Le contexte français s’inscrit par ailleurs dans un nouveau contexte international. Inutile de rappeler aux mêmes « indigénistes » que la diffusion du voile s’accompagne, depuis 1979, d’involutions de l’islam dans le monde musulman : avec son cortège de drames, de guerres civiles, d’expulsions des chrétiens, d’embastillements d’homosexuels ou pire, le refus de l’altérité et de la liberté de ne pas croire… De quoi décourager les espérances laïques.
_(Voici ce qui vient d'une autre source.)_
(* Let $G$ be a crown-free linear $3$-graph on $n$ vertices, and let $s$ be the number of vertices of $G$ of degree at least $6$. Then the number of edges of $G$ satisfies $$|E(G)| \leq \frac{3(n-s)}{2}.$$
   Context: A linear $3$-graph $G=(V,E)$ consists of a finite vertex set $V$ and a collection $E$ of $3$-element subsets of $V$ (edges) such that any two distinct edges share at most one vertex. The degree $d(v)$ of a vertex $v$ is the number of edges containing $v$. The crown $C_{13}$ is the linear $3$-graph on $9$ vertices $\{a,b,c,d,e,f,g,h,i\}$ with edges $\{a,b,c\},\{a,d,e\},\{b,f,g\},\{c,h,i\}$. A linear $3$-graph is crown-free if it contains no copy of $C_{13}$, i.e. no four of its edges together with an injective assignment of the nine vertices form the crown. *)

theory Defs
  imports Complex_Main
begin

definition linear_3graph :: "'a set \<Rightarrow> 'a set set \<Rightarrow> bool" where
  "linear_3graph V E \<longleftrightarrow> finite V \<and>
     (\<forall>e\<in>E. e \<subseteq> V \<and> card e = 3) \<and>
     (\<forall>e\<in>E. \<forall>f\<in>E. e \<noteq> f \<longrightarrow> card (e \<inter> f) \<le> 1)"

definition degree :: "'a set set \<Rightarrow> 'a \<Rightarrow> nat" where
  "degree E v = card {e \<in> E. v \<in> e}"

definition has_crown :: "'a set \<Rightarrow> 'a set set \<Rightarrow> bool" where
  "has_crown V E \<longleftrightarrow> (\<exists>a b c d e f g h i.
     distinct [a, b, c, d, e, f, g, h, i] \<and>
     {a, b, c} \<in> E \<and> {a, d, e} \<in> E \<and> {b, f, g} \<in> E \<and> {c, h, i} \<in> E)"

definition crown_free :: "'a set \<Rightarrow> 'a set set \<Rightarrow> bool" where
  "crown_free V E \<longleftrightarrow> \<not> has_crown V E"

end

theory Submission
  imports Defs
begin

text \<open>Let every vertex of degree d < 6 send weight 1/d to each of its edges; the total weight
  is then at most n - s. Crown-freeness forbids an edge whose degrees dominate (6, 4, 2), and
  with this a short case analysis shows that every edge receives weight at least 2/3, except a
  light edge abc with degrees (4 or 5, 5, 5). Around a light edge crown-freeness forces a rigid
  structure: the eight further neighbours of b are those of c and contain those of a, the
  partner maps across b and c commute, and no edge leaves the eleven vertices abc together with
  the neighbours of b. This component has at most 15 <= 3 * 11 / 2 edges and no vertex of degree
  6 or more, so it can be deleted, and induction on the number of edges finishes the proof.\<close>

lemma card_3_distinct: "card {x, y, z} = 3 \<Longrightarrow> x \<noteq> y \<and> x \<noteq> z \<and> y \<noteq> z"
  by (auto simp: card_insert_if split: if_splits)

text \<open>The third vertex of the edge through z and u; unspecified if there is no such edge.\<close>
definition third :: "'a set set \<Rightarrow> 'a \<Rightarrow> 'a \<Rightarrow> 'a" where
  "third E z u = (THE v. {z, u, v} \<in> E)"

locale triple_system =
  fixes V :: "'a set" and E :: "'a set set"
  assumes linear: "linear_3graph V E"
begin

lemma finite_vertices: "finite V"
  using linear unfolding linear_3graph_def by blast

lemma edge_subset: "f \<in> E \<Longrightarrow> f \<subseteq> V"
  using linear unfolding linear_3graph_def by blast

lemma finite_edges: "finite E"
  using edge_subset finite_vertices by (meson PowI finite_Pow_iff finite_subset subsetI)

lemma card_edge: "f \<in> E \<Longrightarrow> card f = 3"
  using linear unfolding linear_3graph_def by blast

lemma finite_edge: "f \<in> E \<Longrightarrow> finite f"
  using card_edge by (intro card_ge_0_finite) simp

lemma edge_eqI:
  assumes "e \<in> E" "f \<in> E" "x \<in> e" "y \<in> e" "x \<in> f" "y \<in> f" "x \<noteq> y"
  shows "e = f"
proof (rule ccontr)
  assume "e \<noteq> f"
  hence "card (e \<inter> f) \<le> 1" using linear assms(1,2) unfolding linear_3graph_def by blast
  moreover have "card {x, y} \<le> card (e \<inter> f)"
    using assms finite_edge by (intro card_mono) auto
  ultimately show False using assms(7) by simp
qed

lemma edge_distinct: "{x, y, z} \<in> E \<Longrightarrow> x \<noteq> y \<and> x \<noteq> z \<and> y \<noteq> z"
  by (rule card_3_distinct[OF card_edge])

lemma edge_through:
  assumes "f \<in> E" "z \<in> f"
  obtains x y where "f = {z, x, y}"
proof -
  have "card (f - {z}) = 2" using card_edge[OF assms(1)] assms(2) finite_edge[OF assms(1)] by simp
  then obtain x y where "f - {z} = {x, y}" by (meson card_2_iff)
  then show ?thesis using that assms(2) by blast
qed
Personne devant l’ambassade d’Iran

Souvent, la défense du voile accompagne l’abandon des solidarités internationalistes de la part de ceux qui se disent les héritiers de cette tradition de combats pour l’émancipation. Avec des rassemblements place de la République contre « l’islamophobie », mais personne devant l’ambassade d’Iran pour protester contre les lourdes peines d’emprisonnement infligées actuellement aux femmes qui veulent en finir avec la domination vestimentaire patriarcale. Et qui se soucie des femmes algériennes désireuses de profiter de l’élan démocratique pour faire reculer le port du voile ?

Ce que dit la défiance populaire vis-à-vis du voile islamique, c’est aussi la crainte que le voile ne symbolise autre chose : une régression pour les femmes dans une société où leur corps devient souvent une pancarte, comme le font les Femen. Au fond, qu’il annonce de profonds reculs dans l’histoire du droit des femmes. Ceci n’étant jamais acquis dès qu’il s’agit de la maîtrise de leur corps, comme le prouve le retour des débats autour de l’interdiction de l’avortement. Les Français le savent, comme le savent les demandeurs d’asile qui fuient ces pays, nulle part le port du voile n’accompagne une vitalité démocratique. On aurait tort d’ignorer cette légitime défiance tant le spectacle du monde est pour tous peu rassurant.

Didier Leschi est directeur général de l’Office français de l’immigration et de l’intégration. Ancien chef du bureau central des cultes au ministère de l’Intérieur, il est auteur de Misère(s) de l’Islam de France (Les Editions du Cerf, 2017).